Вскоре он забыл об этом случае, ибо невозможно противостоять чудовищному ритму великой армии, которая пришла в движение и поглощает все на своем пути. Все они теперь лишены личной ответственности, индивидуальность практически перестала существовать, благодаря власти этого движения. Кольца и петли накрепко стискивали их, и вся эта огромная ползущая масса, будто какая-то могучая река, неизбежно несла в сторону океана, с которым были связаны все надежды. Но только это была особая река, из металлических сцеплений, бронированная река. Заняв свое место в дружественном и опасном кругу таких же, как он, авантюристов, фон Эсслин обнаружил себя как бы на мостике огромного парома, который, набирая скорость, мчится вдаль, к новому порядку на земле, но построить этот порядок и вдохнуть в него жизнь предназначено именно им, тем, кто на пароме. Он поглядел на запечатленный на карте караванный путь, на коричневые, напряженные, мясистые лица и большие красные руки, и его сердце переполнилось радостью и любовью ко всем этим людям. Из глубин ночи они шли навстречу рассвету — когда же на небе появится солнце, начнется новая история!
По краям тьма уже начала отступать, и то тут, то там на горизонте вспыхивали зарницы, словно отсветы далекой грозы. Однако было ясно, что это первые знаки будущих событий, что вооруженные соединения, еще не выйдя из своих укрытий, уже сцепились в схватке с вражескими разведчиками; Вся симфония была проиграна в течение двух часов одного утра; мощный зверь вырвался на свободу, поначалу робея, а потом все более уверенно и стремительно пронизывая тьму лучами света, когда надо было прибавить скорость, — с приглушенным грохотом уже не реки, а железного океана, который, лязгая по булыжникам, объявлял о своем наступлении на сушу.
На рассвете должна была начаться бомбежка — новое слово в тактике, благодаря которой удастся проделать большие дыры в обороне противника. Им конечно же простилось бы то, что они воображали себя героями великой исторической саги, если бы не вульгарная мерзость особых частей, присоединенных к ним. Все тюрьмы были опустошены, чтобы было кем укомплектовать эти особые части. Они шли следом за бойцами, их тактикой было мародерство, насилие и уничтожение, все это тщательно прописано в официальных инструкциях, отпечатанных на землисто-серой бумаге, вдохновлявших этих «бойцов» на сомнительные подвиги. «Любыми средствами следует внушить страх перед рейхом. Ничто не должно быть упущено».
Это были люди особой закваски — хитрые, молчаливые, углубленные в себя.
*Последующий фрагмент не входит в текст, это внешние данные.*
(* Let $\kappa$ be an infinite cardinal and let $B(\kappa)=(\kappa^{\aleph_0},\mathcal U)$ be the countable power of the discrete uniform space of cardinality $\kappa$. Then $B(\kappa)$ is co-universal in the class of all non-archimedean uniform spaces whose uniformity is induced by a complete metric and whose topological weight is $\le\kappa$: that is, $B(\kappa)$ belongs to this class, and for every (nonempty) $Y$ in this class there exists a uniformly continuous surjection $f\colon B(\kappa)\to Y$ which is a quotient map of topological spaces.
   Context: A uniform space is non-archimedean if its uniformity has a base consisting of equivalence relations. All uniform spaces are Hausdorff. *)

theory Defs
  imports "HOL-Analysis.Analysis" "HOL-Library.Equipollence"
begin

definition uniformity_on :: "'a set \<Rightarrow> ('a \<times> 'a) set set \<Rightarrow> bool" where
  "uniformity_on X \<Phi> \<longleftrightarrow>
     \<Phi> \<noteq> {} \<and>
     (\<forall>U\<in>\<Phi>. Id_on X \<subseteq> U \<and> U \<subseteq> X \<times> X) \<and>
     (\<forall>U V. U \<in> \<Phi> \<and> U \<subseteq> V \<and> V \<subseteq> X \<times> X \<longrightarrow> V \<in> \<Phi>) \<and>
     (\<forall>U\<in>\<Phi>. \<forall>V\<in>\<Phi>. U \<inter> V \<in> \<Phi>) \<and>
     (\<forall>U\<in>\<Phi>. converse U \<in> \<Phi>) \<and>
     (\<forall>U\<in>\<Phi>. \<exists>V\<in>\<Phi>. V O V \<subseteq> U)"

text \<open>All uniform spaces are assumed Hausdorff (separated).\<close>
definition uniform_space_on :: "'a set \<Rightarrow> ('a \<times> 'a) set set \<Rightarrow> bool" where
  "uniform_space_on X \<Phi> \<longleftrightarrow> uniformity_on X \<Phi> \<and> \<Inter>\<Phi> = Id_on X"

definition non_archimedean :: "'a set \<Rightarrow> ('a \<times> 'a) set set \<Rightarrow> bool" where
  "non_archimedean X \<Phi> \<longleftrightarrow> (\<forall>U\<in>\<Phi>. \<exists>V\<in>\<Phi>. equiv X V \<and> V \<subseteq> U)"

definition utopology :: "'a set \<Rightarrow> ('a \<times> 'a) set set \<Rightarrow> 'a topology" where
  "utopology X \<Phi> = topology (\<lambda>S. S \<subseteq> X \<and> (\<forall>x\<in>S. \<exists>U\<in>\<Phi>. {y. (x, y) \<in> U} \<subseteq> S))"

definition metric_uniformity :: "'a set \<Rightarrow> ('a \<Rightarrow> 'a \<Rightarrow> real) \<Rightarrow> ('a \<times> 'a) set set" where
  "metric_uniformity M d =
     {U. U \<subseteq> M \<times> M \<and> (\<exists>\<epsilon>>0. {(x, y). x \<in> M \<and> y \<in> M \<and> d x y < \<epsilon>} \<subseteq> U)}"

definition complete_metric_uniformity :: "'a set \<Rightarrow> ('a \<times> 'a) set set \<Rightarrow> bool" where
  "complete_metric_uniformity X \<Phi> \<longleftrightarrow>
     (\<exists>d. Metric_space X d \<and> Metric_space.mcomplete X d \<and> \<Phi> = metric_uniformity X d)"

definition open_base_of :: "'a topology \<Rightarrow> 'a set set \<Rightarrow> bool" where
  "open_base_of T \<B> \<longleftrightarrow> (\<forall>B\<in>\<B>. openin T B) \<and>
     (\<forall>S. openin T S \<longrightarrow> (\<exists>\<C>\<subseteq>\<B>. \<Union>\<C> = S))"

definition weight_le :: "'a topology \<Rightarrow> 'k set \<Rightarrow> bool" where
  "weight_le T K \<longleftrightarrow> (\<exists>\<B>. open_base_of T \<B> \<and> \<B> \<lesssim> K)"

definition NA_cm_class :: "'k set \<Rightarrow> 'a set \<Rightarrow> ('a \<times> 'a) set set \<Rightarrow> bool" where
  "NA_cm_class K X \<Phi> \<longleftrightarrow> uniform_space_on X \<Phi> \<and> non_archimedean X \<Phi> \<and>
     complete_metric_uniformity X \<Phi> \<and> weight_le (utopology X \<Phi>) K"

definition uniformly_continuous_on_u ::
  "'a set \<Rightarrow> ('a \<times> 'a) set set \<Rightarrow> 'b set \<Rightarrow> ('b \<times> 'b) set set \<Rightarrow> ('a \<Rightarrow> 'b) \<Rightarrow> bool" where
  "uniformly_continuous_on_u X \<Phi> Y \<Psi> f \<longleftrightarrow> f ` X \<subseteq> Y \<and>
     (\<forall>V\<in>\<Psi>. \<exists>U\<in>\<Phi>. \<forall>(x, y)\<in>U. (f x, f y) \<in> V)"

definition discrete_uniformity :: "'k set \<Rightarrow> ('k \<times> 'k) set set" where
  "discrete_uniformity K = {U. Id_on K \<subseteq> U \<and> U \<subseteq> K \<times> K}"

definition power_carrier :: "'k set \<Rightarrow> (nat \<Rightarrow> 'k) set" where
  "power_carrier K = {f. \<forall>n. f n \<in> K}"

definition power_uniformity :: "'k set \<Rightarrow> ('k \<times> 'k) set set \<Rightarrow> ((nat \<Rightarrow> 'k) \<times> (nat \<Rightarrow> 'k)) set set" where
  "power_uniformity K \<Phi> =
     {U. U \<subseteq> power_carrier K \<times> power_carrier K \<and>
         (\<exists>F V. finite F \<and> (\<forall>i\<in>F. V i \<in> \<Phi>) \<and>
            {(f, g). f \<in> power_carrier K \<and> g \<in> power_carrier K \<and> (\<forall>i\<in>F. (f i, g i) \<in> V i)} \<subseteq> U)}"

abbreviation B_carrier :: "'k set \<Rightarrow> (nat \<Rightarrow> 'k) set" where
  "B_carrier K \<equiv> power_carrier K"

abbreviation B_uniformity :: "'k set \<Rightarrow> ((nat \<Rightarrow> 'k) \<times> (nat \<Rightarrow> 'k)) set set" where
  "B_uniformity K \<equiv> power_uniformity K (discrete_uniformity K)"

end

theory Submission
  imports Defs
begin

text \<open>On \<open>B(K)\<close> the relations ``agree on the first \<open>n + 1\<close> coordinates'' form a base of
  equivalence entourages; they are the balls of the complete Baire metric, and the cylinders they
  cut out form an open base indexed by the finite lists over \<open>K\<close>, of which there are \<open>|K|\<close>.

  On the target \<open>Y\<close>, non-archimedean completeness gives a decreasing base of equivalence
  entourages \<open>E n \<subseteq> {d < (1/2)^n}\<close> along which every \<open>E\<close>-chain converges, and weight \<open>\<le> |K|\<close>
  gives labels \<open>a k\<close>, \<open>k \<in> K\<close>, meeting every \<open>E n\<close>-class. A sequence \<open>x \<in> B(K)\<close> is decoded
  by walking along the labels \<open>a (x n)\<close>, accepting a label only if it is \<open>E n\<close>-equivalent to the
  current point, and taking the limit. The \<open>E n\<close>-class of the result depends only on
  \<open>x 0, \<dots>, x n\<close>, which gives uniform continuity; conversely, every point of that class is the
  decoding of a sequence agreeing with \<open>x\<close> up to \<open>n\<close> (continue with labels of the point),
  which makes the map surjective and open on saturated sets, i.e. a quotient map.\<close>

section \<open>Uniform spaces\<close>

lemma uniformity_on_Int: "uniformity_on X \<Phi> \<Longrightarrow> U \<in> \<Phi> \<Longrightarrow> V \<in> \<Phi> \<Longrightarrow> U \<inter> V \<in> \<Phi>"
  unfolding uniformity_on_def by blast

lemma uniformity_on_nonempty: "uniformity_on X \<Phi> \<Longrightarrow> \<Phi> \<noteq> {}"
  unfolding uniformity_on_def by (elim conjE)

lemma uniformity_on_subset: "uniformity_on X \<Phi> \<Longrightarrow> U \<in> \<Phi> \<Longrightarrow> U \<subseteq> X \<times> X"
  unfolding uniformity_on_def by blast

lemma istopology_utopology:
  assumes "uniformity_on X \<Phi>"
  shows "istopology (\<lambda>S. S \<subseteq> X \<and> (\<forall>x\<in>S. \<exists>U\<in>\<Phi>. {y. (x, y) \<in> U} \<subseteq> S))"
  unfolding istopology_def
proof (rule conjI; intro allI impI)
  fix S T
  assume S: "S \<subseteq> X \<and> (\<forall>x\<in>S. \<exists>U\<in>\<Phi>. {y. (x, y) \<in> U} \<subseteq> S)"
    and T: "T \<subseteq> X \<and> (\<forall>x\<in>T. \<exists>U\<in>\<Phi>. {y. (x, y) \<in> U} \<subseteq> T)"
  have "\<exists>W\<in>\<Phi>. {y. (x, y) \<in> W} \<subseteq> S \<inter> T" if "x \<in> S \<inter> T" for x
  proof -
    obtain U V where "U \<in> \<Phi>" "{y. (x, y) \<in> U} \<subseteq> S" "V \<in> \<Phi>" "{y. (x, y) \<in> V} \<subseteq> T"
      using S T \<open>x \<in> S \<inter> T\<close> by blast
    moreover have "U \<inter> V \<in> \<Phi>"
      using uniformity_on_Int[OF assms] calculation by blast
    ultimately show ?thesis
      by blast
  qed
  then show "S \<inter> T \<subseteq> X \<and> (\<forall>x\<in>S \<inter> T. \<exists>U\<in>\<Phi>. {y. (x, y) \<in> U} \<subseteq> S \<inter> T)"
    using S by blast
next
  fix \<K> assume \<K>: "\<forall>S\<in>\<K>. S \<subseteq> X \<and> (\<forall>x\<in>S. \<exists>U\<in>\<Phi>. {y. (x, y) \<in> U} \<subseteq> S)"
  have "\<exists>U\<in>\<Phi>. {y. (x, y) \<in> U} \<subseteq> \<Union>\<K>" if "x \<in> S" "S \<in> \<K>" for x S
    using \<K> that by (meson Union_upper order_trans)
  with \<K> show "\<Union>\<K> \<subseteq> X \<and> (\<forall>x\<in>\<Union>\<K>. \<exists>U\<in>\<Phi>. {y. (x, y) \<in> U} \<subseteq> \<Union>\<K>)"
    by blast
qed


lemma openin_utopology:
  assumes "uniformity_on X \<Phi>"
  shows "openin (utopology X \<Phi>) S \<longleftrightarrow> S \<subseteq> X \<and> (\<forall>x\<in>S. \<exists>U\<in>\<Phi>. {y. (x, y) \<in> U} \<subseteq> S)"
  unfolding utopology_def topology_inverse'[OF istopology_utopology[OF assms]] ..

lemma topspace_utopology:
  assumes "uniformity_on X \<Phi>"
  shows "topspace (utopology X \<Phi>) = X"
proof -
  obtain U where "U \<in> \<Phi>" "U \<subseteq> X \<times> X"
    using uniformity_on_nonempty[OF assms] uniformity_on_subset[OF assms] by blast
  then have "openin (utopology X \<Phi>) X"
    unfolding openin_utopology[OF assms] by auto
  moreover have "topspace (utopology X \<Phi>) \<subseteq> X"
    using openin_topspace[of "utopology X \<Phi>"] unfolding openin_utopology[OF assms] by (rule conjunct1)
  ultimately show ?thesis
    using openin_subset by blast
qed

section \<open>The countable power of a discrete space\<close>

definition agree_upto :: "'k set \<Rightarrow> nat \<Rightarrow> ((nat \<Rightarrow> 'k) \<times> (nat \<Rightarrow> 'k)) set" where
  "agree_upto K n = {(f, g). f \<in> power_carrier K \<and> g \<in> power_carrier K \<and> (\<forall>i\<le>n. f i = g i)}"

lemma agree_upto_antimono: "m \<le> n \<Longrightarrow> agree_upto K n \<subseteq> agree_upto K m"
  unfolding agree_upto_def by auto

lemma equiv_agree_upto: "equiv (B_carrier K) (agree_upto K n)"
  unfolding agree_upto_def equiv_def refl_on_def sym_def trans_def by auto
Офицеры улыбались, не разжимая губ; от них исходили флюиды преступности и жестокости, как от всех, кто наслаждается, причиняя боль, — тюремщиков, инквизиторов, профсоюзных деятелей, палачей. Концентрационные лагеря позволяли особо отличившимся сотрудникам, этим современным центурионам, носить престижную, но ненавистную и внушавшую страх форму с черепом. Все, кто служил в регулярных войсках, знали, что этим лакеям предоставлены особые полномочия — на убийство; и их позор обжигал стыдом и самого фон Эсслина, потому что он знал: этим центурионам приказано. превратить всю Европу в дымящуюся день и ночь живодерню.
Итак, они вышли из тьмы на свет и вскоре оказались на краю бесконечного пшеничного поля, все еще накрытого лазурным небом, которое в ближайшее время должно было наполниться маленькими черными крупицами, по-сорочьи трескучими. Потом начался шум — самой разной громкости и звуковой окраски, но все эти грохоты, свисты и завывания соединились в таком мощном давлении на барабанные перепонки, что люди не слышали ни себя, ни других. Но дула продолжали палить. И медленно, с обеих сторон горизонта, земля начала гореть, пшеница начала гореть, все быстрее, видно чтобы не затягивать встречу с поджигателями.
Седьмая и Десятая бронетанковые дивизии были спущены с поводков, словно гончие псы, и отправлены в горящее поле на случай, если там притаился враг. Предполагалось, что они на большой скорости проскочат опасное место, однако возникла неожиданная засада, огонь повел себя не так, как было запланировано, и они оказались внутри пламени. Фон Эсслин видел, как его любимые танки раскалываются, словно орехи, и в огне взрываются канистры с горючим. В растерянности командирский автомобиль повернул назад. На чем свет стоит ругая шофера, фон Эсслин приказывал ехать вперед, но на них уже полыхало огнем, а ведь они были куда более уязвимы, чем взрывавшиеся танки. Это был лишь один небольшой эпизод в непрерывной цепи удач — им даже надоело принимать рапорты о приближающихся объектах, о взятых объектах, о полностью окруженных врагах или врагах, которых, не желая терять время, объезжали стороной. У него случилась небольшая неудача, которая задела его amour-propre,[42] и он почувствовал себя виноватым, даже обманутым, правда он и сам не знал в чем. С облегчением фон Эсслин увидел, что сидит в луже крови, лившейся из раны на предплечье. От возбуждения он поначалу ничего не чувствовал; но теперь рана стала болеть. Тогда он позвал санитара и снял китель, чтобы удобнее было сделать перевязку. Густой дым прятал от глаз огонь. Отдельные узлы машин валялись на выгоревшем дотла поле — и это было все, что осталось от его взорвавшихся танков. У фон Эсслина в рукаве застряла шрапнель, и санитар, вытащив ее, сказал: «Это вам на память». Ничего не значащая фраза вернула генералу уверенность в себе. Если все пойдет такими темпами, то они очень скоро будут уже в Варшаве.
На королевскую яхту поднялись без всяких осложнений темной ночью, а утром она уже была далеко в море на пути в Египет.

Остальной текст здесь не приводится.